The Zionist movement was non-religious from the start, if not anti-religious. Almost all the Founding Fathers were self-declared atheists. In his book "Der Judenstaat", the original charter of Zionism, Theodor Herzl said that "we shall know how to keep (our clergymen) in their temples." Chaim Weitzman was an agnostic scientist. Vladimir Jabotinsky wanted his body to be cremated – a sin in Judaism. David Ben-Gurion refused to cover his head even at funerals.
All the great rabbis of the day, both Hassidim and their opponents, the Missnagdim, condemned Herzl and cursed him ferociously. They rejected the basic thesis of Zionism, that the Jews are a "nation" in the European sense, instead regarding the Jews as a holy people held together by observance of the divine commandments.
Moreover, in the eyes of the rabbis, the Zionist idea itself was a cardinal sin. The Almighty decreed the exile of the Jews as punishment for their sins. Therefore, only the Almighty Himself may revoke the punishment and send the Messiah, who will lead the Jews back to the holy land. Until then, it is strictly prohibited to "return en masse". By organizing mass immigration to the country, the Zionists rebel against God and, worst of all, hold up the coming of the Messiah. Some Hassidim, like the Satmar sect in America, and a small but principled group in Israel, the Neturei Karta (Guardians of the City) in Jerusalem, still adhere to this belief.
True, the Zionists expropriated the symbols of Judaism (the Star of David, the candlestick of the Temple, the prayer shawl that was turned into a flag, even the name "Zion") but that was only utilitarian manipulation. The small religious faction that joined Zionism (the "Religious Zionists") was a marginal group.
Before the Holocaust, we learned in the Zionist schools in Palestine to treat with pitiless scorn everything that was "exile Jewish" – the Jewish religion, the Jewish Stetl, the Jewish social structure (the "inverted pyramid"). Only the Holocaust changed the attitude towards the Jewish past in the diaspora, referred to in Hebrew as "Exile".)

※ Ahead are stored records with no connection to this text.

lemma jet_bound_power:
  assumes "jet_bound h A B" "A \<le> 1"
  shows "jet_bound (\<lambda>t. h t ^ n) 1 (real n * B)"
proof (induction n)
  case 0
  then show ?case using jet_bound_const[of 1] by simp
next
  case (Suc n)
  have "0 \<le> A" "0 \<le> B" using jet_bound_nonneg[OF assms(1)] by auto
  then have "A * (real n * B) + B * 1 \<le> real (Suc n) * B"
    using mult_right_mono[OF assms(2), of "real n * B"] by (simp add: algebra_simps)
  then show ?case
    using jet_bound_mult[OF assms(1) Suc] assms(2) by (auto intro: jet_bound_mono)
qed

lemma jet_bound_prod:
  assumes "finite S" "\<And>q. q \<in> S \<Longrightarrow> jet_bound (h q) 1 (B q)"
  shows "jet_bound (\<lambda>t. \<Prod>q\<in>S. h q t) 1 (\<Sum>q\<in>S. B q)"
  using assms
proof (induction S rule: finite_induct)
  case empty
  then show ?case using jet_bound_const[of 1] by simp
next
  case (insert a S)
  then have "jet_bound (\<lambda>t. h a t * (\<Prod>q\<in>S. h q t)) (1 * 1) (1 * (\<Sum>q\<in>S. B q) + B a * 1)"
    by (intro jet_bound_mult) auto
  then show ?case using insert by (simp add: add.commute)
qed

lemma jet_bound_partial:
  assumes "f differentiable (at x)" "jet_bound (\<lambda>t. f (x + t *\<^sub>R axis i 1)) A B"
  shows "\<bar>f x\<bar> \<le> A" "\<bar>partial i f x\<bar> \<le> B"
proof -
  obtain D where "((\<lambda>t. f (x + t *\<^sub>R axis i 1)) has_real_derivative D) (at 0)" "\<bar>D\<bar> \<le> B"
    using assms(2) unfolding jet_bound_def by blast
  moreover have "((\<lambda>t. f (x + t *\<^sub>R axis i 1)) has_real_derivative partial i f x) (at 0)"
    using partial_along_line[of f x 0 i] assms(1) by simp
  ultimately show "\<bar>partial i f x\<bar> \<le> B" using DERIV_unique by blast
  show "\<bar>f x\<bar> \<le> A" using assms(2) by (simp add: jet_bound_def)
qed

lemma jet_bound_norm_line:
  fixes x :: "real^'n"
  assumes "x \<noteq> 0"
  shows "jet_bound (\<lambda>t. norm (x + t *\<^sub>R axis i 1)) (norm x) 1"
proof -
  have "((\<lambda>s. norm (x + s *\<^sub>R axis i 1)) has_real_derivative (axis i 1 \<bullet> sgn x)) (at 0)"
    using has_real_derivative_along_line[of norm _ x 0] has_derivative_norm[OF assms] by simp
  moreover have "\<bar>axis i 1 \<bullet> sgn x\<bar> \<le> norm (axis i (1::real)) * norm (sgn x)"
    by (rule Cauchy_Schwarz_ineq2)
  ultimately show ?thesis using assms unfolding jet_bound_def by (auto simp: norm_sgn)
qed

lemma jet_bound_sgn_component_line:
  fixes x :: "real^'n"
  assumes "x \<noteq> 0"
  shows "jet_bound (\<lambda>t. sgn (x + t *\<^sub>R axis i 1) $ q) 1 (2 / norm x)"
proof -
  obtain E where E: "((\<lambda>t. norm (x + t *\<^sub>R axis i 1)) has_real_derivative E) (at 0)" "\<bar>E\<bar> \<le> 1"
    using jet_bound_norm_line[OF assms, of i] unfolding jet_bound_def by auto
  define a where "a = axis i (1::real) $ q"
  have a: "\<bar>a\<bar> \<le> 1" by (simp add: a_def axis_def)
  have r: "norm x > 0" using assms by simp
  have "((\<lambda>t. (x + t *\<^sub>R axis i 1)$q) has_real_derivative a) (at 0)"
    by (auto simp: a_def intro!: derivative_eq_intros)
  from DERIV_divide[OF this E(1)] r
  have "((\<lambda>t. sgn (x + t *\<^sub>R axis i 1) $ q) has_real_derivative
      (a * norm x - x$q * E) / (norm x * norm x)) (at 0)"
    by (simp add: sgn_div_norm divide_inverse mult.commute)
  moreover have "\<bar>a * norm x - x$q * E\<bar> \<le> 2 * norm x"
  proof -
    have "\<bar>a * norm x - x$q * E\<bar> \<le> \<bar>a\<bar> * norm x + \<bar>x$q\<bar> * \<bar>E\<bar>"
      by (metis abs_mult abs_triangle_ineq4 abs_norm_cancel)
    also have "\<dots> \<le> 1 * norm x + norm x * 1"
      using a E(2) component_le_norm_cart[of x q] by (intro add_mono mult_mono) auto
    finally show ?thesis by simp
  qed
  then have "\<bar>(a * norm x - x$q * E) / (norm x * norm x)\<bar> \<le> 2 / norm x"
    using r by (simp add: abs_div divide_le_eq field_simps)
  moreover have "\<bar>sgn x $ q\<bar> \<le> 1"
    using component_le_norm_cart[of "sgn x" q] assms by (simp add: norm_sgn)
  ultimately show ?thesis unfolding jet_bound_def by auto
qed

lemma finite_multi_index: "finite {a :: 'n::finite \<Rightarrow> nat. sum a UNIV = k}"
proof (rule finite_subset)
  show "{a :: 'n \<Rightarrow> nat. sum a UNIV = k} \<subseteq> {a. \<forall>q. (q \<in> UNIV \<longrightarrow> a q \<in> {..k}) \<and> (q \<notin> UNIV \<longrightarrow> a q = 0)}"
  proof
    fix a :: "'n \<Rightarrow> nat" assume "a \<in> {a. sum a UNIV = k}"
    then have "a q \<le> k" for q using member_le_sum[of q UNIV a] by auto
    then show "a \<in> {a. \<forall>q. (q \<in> UNIV \<longrightarrow> a q \<in> {..k}) \<and> (q \<notin> UNIV \<longrightarrow> a q = 0)}" by auto
  qed
  show "finite {a :: 'n \<Rightarrow> nat. \<forall>q. (q \<in> UNIV \<longrightarrow> a q \<in> {..k}) \<and> (q \<notin> UNIV \<longrightarrow> a q = 0)}"
    by (rule finite_set_of_finite_funs) auto
qed

lemma homog_poly_sgn_jet_bound:
  fixes P :: "real^'n \<Rightarrow> real"
  assumes "homog_poly k P"
  obtains A where "\<And>x i. x \<noteq> 0 \<Longrightarrow> jet_bound (\<lambda>t. P (sgn (x + t *\<^sub>R axis i 1))) A (A * (2 * real k) / norm x)"
proof -
  obtain cf where P: "\<And>y. P y = (\<Sum>a\<in>{a. sum a UNIV = k}. cf a * monomial_fun a y)"
    using assms unfolding homog_poly_def by blast
  show ?thesis
  proof (rule that)
  fix x :: "real^'n" and i assume x: "x \<noteq> 0"
  have "jet_bound (\<lambda>t. monomial_fun a (sgn (x + t *\<^sub>R axis i 1))) 1 (real k * (2 / norm x))"
    if "sum a UNIV = k" for a :: "'n \<Rightarrow> nat"
  proof -
    have "jet_bound (\<lambda>t. monomial_fun a (sgn (x + t *\<^sub>R axis i 1))) 1 (\<Sum>q\<in>UNIV. real (a q) * (2 / norm x))"
      unfolding monomial_fun_def
      by (intro jet_bound_prod jet_bound_power[OF jet_bound_sgn_component_line[OF x]]) auto
    moreover have "(\<Sum>q\<in>UNIV. real (a q) * (2 / norm x)) = real k * (2 / norm x)"
      using that by (simp only: sum_distrib_right[symmetric] of_nat_sum[symmetric])
    ultimately show ?thesis by simp
  qed
  then have "jet_bound (\<lambda>t. \<Sum>a\<in>{a. sum a UNIV = k}. cf a * monomial_fun a (sgn (x + t *\<^sub>R axis i 1)))
      (\<Sum>a\<in>{a. sum a UNIV = k}. \<bar>cf a\<bar> * 1)
      (\<Sum>a\<in>{a::'n\<Rightarrow>nat. sum a UNIV = k}. \<bar>cf a\<bar> * (real k * (2 / norm x)) + 0 * 1)"
    by (intro jet_bound_sum finite_multi_index jet_bound_mult jet_bound_const) auto
  moreover have "(\<Sum>a\<in>{a::'n\<Rightarrow>nat. sum a UNIV = k}. \<bar>cf a\<bar> * (real k * (2 / norm x)) + 0 * 1)
      = (\<Sum>a\<in>{a. sum a UNIV = k}. \<bar>cf a\<bar>) * (2 * real k) / norm x"
    by (simp add: sum_distrib_right[symmetric] sum_divide_distrib[symmetric] sum_distrib_left[symmetric] mult_ac)
  ultimately show "jet_bound (\<lambda>t. P (sgn (x + t *\<^sub>R axis i 1)))
      (\<Sum>a\<in>{a. sum a UNIV = k}. \<bar>cf a\<bar>) ((\<Sum>a\<in>{a. sum a UNIV = k}. \<bar>cf a\<bar>) * (2 * real k) / norm x)"
    by (simp add: P)
  qed
qed

corollary sobolev_H12_of_jet_bounds:
  fixes f g :: "real^'n \<Rightarrow> real"
  assumes n3: "CARD('n) \<ge> 3"
    and fg: "\<And>x. x \<in> ball 0 1 - {0} \<Longrightarrow> f x = g x" and f0: "\<bar>f 0\<bar> \<le> A"
    and diff: "\<And>x. x \<in> ball 0 1 - {0} \<Longrightarrow> g differentiable (at x)"
    and jet: "\<And>x i. x \<in> ball 0 1 - {0} \<Longrightarrow> jet_bound (\<lambda>t. g (x + t *\<^sub>R axis i 1)) A (K / norm x)"
  shows "sobolev_H12 (ball 0 1) f"
proof (rule sobolev_H12_of_punctured_gradient_bound[OF _ _ _ n3])
  have U: "open (ball 0 1 - {0::real^'n})" by (simp add: open_Diff)
  obtain i :: 'n where True by simp
  show "\<bar>f x\<bar> \<le> A" if "x \<in> ball 0 1" for x
  proof (cases "x = 0")
    case False
    then have x: "x \<in> ball 0 1 - {0}" using that by simp
    then show ?thesis using fg[OF x] jet_bound_partial(1)[OF diff[OF x] jet[OF x, of i]] by simp
  qed (use f0 in simp)
  show "f differentiable (at x)" if "x \<in> ball 0 1 - {0}" for x
    using partial_transform_open(1)[OF U that fg diff[OF that]] by simp
  show "\<bar>partial i f x\<bar> \<le> K / norm x" if "x \<in> ball 0 1 - {0}" for x i
    using partial_transform_open(2)[OF U that fg diff[OF that]]
      jet_bound_partial(2)[OF diff[OF that] jet[OF that, of i]] by simp
qed

section \<open>The components of the equivariant map\<close>

lemma Rmat_cases:
  "(\<forall>t. Rmat m t j l = cos t) \<or> (\<forall>t. Rmat m t j l = - sin t) \<or> (\<forall>t. Rmat m t j l = sin t) \<or> (\<forall>t. Rmat m t j l = 0)"
proof (cases "j < 2*m \<and> l < 2*m \<and> j div 2 = l div 2")
  case True
  have "j mod 2 = 0 \<or> j mod 2 = 1" "l mod 2 = 0 \<or> l mod 2 = 1" by auto
  then show ?thesis using True by (elim disjE) (simp_all add: Rmat_def Dblock_def)
next
  case False
  then have "\<forall>t. Rmat m t j l = 0" unfolding Rmat_def by auto
  then show ?thesis by blast
qed

lemma jet_bound_Rmat:
  assumes "jet_bound h A B"
  shows "jet_bound (\<lambda>t. Rmat m (h t) j l) 1 B"
proof -
  have "jet_bound (\<lambda>t. - sin (h t)) 1 B"
    using jet_bound_mult[OF jet_bound_const[of "-1"] jet_bound_sin[OF assms]] by simp
  moreover have "jet_bound (\<lambda>t. 0) 1 B"
    using jet_bound_mono[OF jet_bound_const[of 0], of 1 B] jet_bound_nonneg[OF assms] by simp
  ultimately show ?thesis
    using Rmat_cases[of m j l] jet_bound_sin[OF assms] jet_bound_cos[OF assms] by auto
qed

lemma Rmat_differentiable: "(\<lambda>t. Rmat m t j l) differentiable (at t)"
proof -
  have "sin differentiable (at t)" "cos differentiable (at t)" "(\<lambda>t. - sin t) differentiable (at t)"
    using DERIV_sin DERIV_cos DERIV_minus[OF DERIV_sin] real_differentiable_def by blast+
  moreover have "(\<lambda>t. 0::real) differentiable (at t)" by simp
  moreover note Rmat_cases[of m j l, unfolded fun_eq_iff[symmetric]]
  ultimately show ?thesis by (elim disjE) simp_all
qed
text \<open>
  \<open>prefix_avg f N\<close> is the conditional expectation of \<open>f\<close> given the first \<open>N\<close> bits. It makes the
  noise correlation a finite sum, and for finitary \<open>f\<close> it equals \<open>f\<close> almost surely for large \<open>N\<close>.
\<close>

definition sign_patterns :: "nat \<Rightarrow> (nat \<Rightarrow> real) set" where
  "sign_patterns N = Pi\<^sub>E {..<N} (\<lambda>_. {-1, 1})"

definition cylinder_avg :: "((nat \<Rightarrow> real) \<Rightarrow> real) \<Rightarrow> nat \<Rightarrow> (nat \<Rightarrow> real) \<Rightarrow> real" where
  "cylinder_avg f N x = 2 ^ N * (\<integral>\<omega>. f \<omega> * indicator (cylinder {..<N} x) \<omega> \<partial>Cube)"

definition prefix_avg :: "((nat \<Rightarrow> real) \<Rightarrow> real) \<Rightarrow> nat \<Rightarrow> (nat \<Rightarrow> real) \<Rightarrow> real" where
  "prefix_avg f N \<omega> = (\<Sum>x\<in>sign_patterns N. cylinder_avg f N x * indicator (cylinder {..<N} x) \<omega>)"

lemma finite_sign_patterns [simp]: "finite (sign_patterns N)"
  by (simp add: sign_patterns_def finite_PiE)

lemma sign_patternsD: "x \<in> sign_patterns N \<Longrightarrow> \<forall>i\<in>{..<N}. x i \<in> {-1, 1}"
  by (auto simp: sign_patterns_def)

lemma restrict_in_sign_patterns: "\<forall>i<N. \<omega> i \<in> {-1, 1} \<Longrightarrow> restrict \<omega> {..<N} \<in> sign_patterns N"
  by (simp add: sign_patterns_def restrict_PiE_iff)

lemma mem_cylinder_sign_patterns:
  "x \<in> sign_patterns N \<Longrightarrow> \<omega> \<in> cylinder {..<N} x \<longleftrightarrow> x = restrict \<omega> {..<N}"
  by (auto simp: sign_patterns_def cylinder_def PiE_iff extensional_def fun_eq_iff)

lemma sum_sign_patterns_indicator:
  "(\<Sum>x\<in>sign_patterns N. g x * indicator (cylinder {..<N} x) \<omega>)
    = (if \<forall>i<N. \<omega> i \<in> {-1, 1} then g (restrict \<omega> {..<N}) else (0::real))"
proof (cases "\<forall>i<N. \<omega> i \<in> {-1, 1}")
  case True
  then show ?thesis
    using restrict_in_sign_patterns[OF True]
    by (simp add: indicator_def mem_cylinder_sign_patterns if_distrib sum.delta' cong: sum.cong)
next
  case False
  then have "\<omega> \<notin> cylinder {..<N} x" if "x \<in> sign_patterns N" for x
    using sign_patternsD[OF that] False by (fastforce simp: cylinder_def)
  then show ?thesis
    using False by auto
qed

lemma measure_cylinder_sign_patterns:
  "x \<in> sign_patterns N \<Longrightarrow> measure Cube (cylinder {..<N} x) = (1/2) ^ N"
  using sign_patternsD by (simp add: measure_cylinder)

lemma abs_cylinder_avg_le:
  assumes f: "f \<in> borel_measurable Cube" "\<And>\<omega>. \<bar>f \<omega>\<bar> \<le> 1" and x: "x \<in> sign_patterns N"
  shows "\<bar>cylinder_avg f N x\<bar> \<le> 1"
proof -
  have "\<bar>\<integral>\<omega>. f \<omega> * indicator (cylinder {..<N} x) \<omega> \<partial>Cube\<bar>
      \<le> (\<integral>\<omega>. indicator (cylinder {..<N} x) \<omega> \<partial>Cube)"
  proof (rule order_trans[OF integral_abs_bound integral_mono])
    show "integrable Cube (\<lambda>\<omega>. \<bar>f \<omega> * indicator (cylinder {..<N} x) \<omega>\<bar>)"
      using f by (intro integrable_Cube_bounded[where B=1]) (auto simp: indicator_def)
    show "\<bar>f \<omega> * indicator (cylinder {..<N} x) \<omega>\<bar> \<le> indicator (cylinder {..<N} x) \<omega>" for \<omega>
      using f(2)[of \<omega>] by (auto simp: indicator_def)
    show "integrable Cube (indicator (cylinder {..<N} x) :: _ \<Rightarrow> real)"
      by (intro integrable_Cube_bounded[where B=1] borel_measurable_indicator sets_cylinder)
        (auto simp: indicator_def)
  qed
  also have "\<dots> = (1/2) ^ N"
    using measure_cylinder_sign_patterns[OF x] by simp
  finally show ?thesis
    unfolding cylinder_avg_def by (simp add: abs_mult power_one_over field_simps)
qed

Ben-Gurion made some concessions to the religious factions, including the anti-Zionist Orthodox. He released some hundreds of Yeshiva-students from military service and set up a separate "state-religious" school system. His aim was to acquire convenient coalition partners. But these steps were based on the assumption (common to all of us at the time) that the Jewish religion would evaporate anyhow under the burning Israeli sun and disappear altogether in one or two generations.
All this changed in the wake of the Six-day War. The Jewish religion staged an astounding comeback.
ON THE Palestinian side, something similar happened, but against a quite different background.
The Arab national movement, too, was born under the influence of the European national idea. Its spiritual fathers called for the liberation of the Arab nation from the shackles of Ottoman rule, and later from the yoke of European colonialism. Many of its founders were Arab Christians.
When a distinct Palestinian national movement came into being, following the Balfour Declaration and the setting up of the British Government of Palestine, it had no religious character. In order to fight it, the British appointed a religious personality to the leadership of the Palestinian community in Palestine: Hajj Amin al-Husseini, the Grand Mufti of Jerusalem, who quickly assumed the leadership of the Palestinian struggle against the Zionist immigration. He endeavored to give a religious face to the Palestinian-Arab rebellion. Accusing the Zionist of designs on the Temple Mount with its holy Islamic shrines, he tried to mobilize the Muslim peoples in support of the Palestinians.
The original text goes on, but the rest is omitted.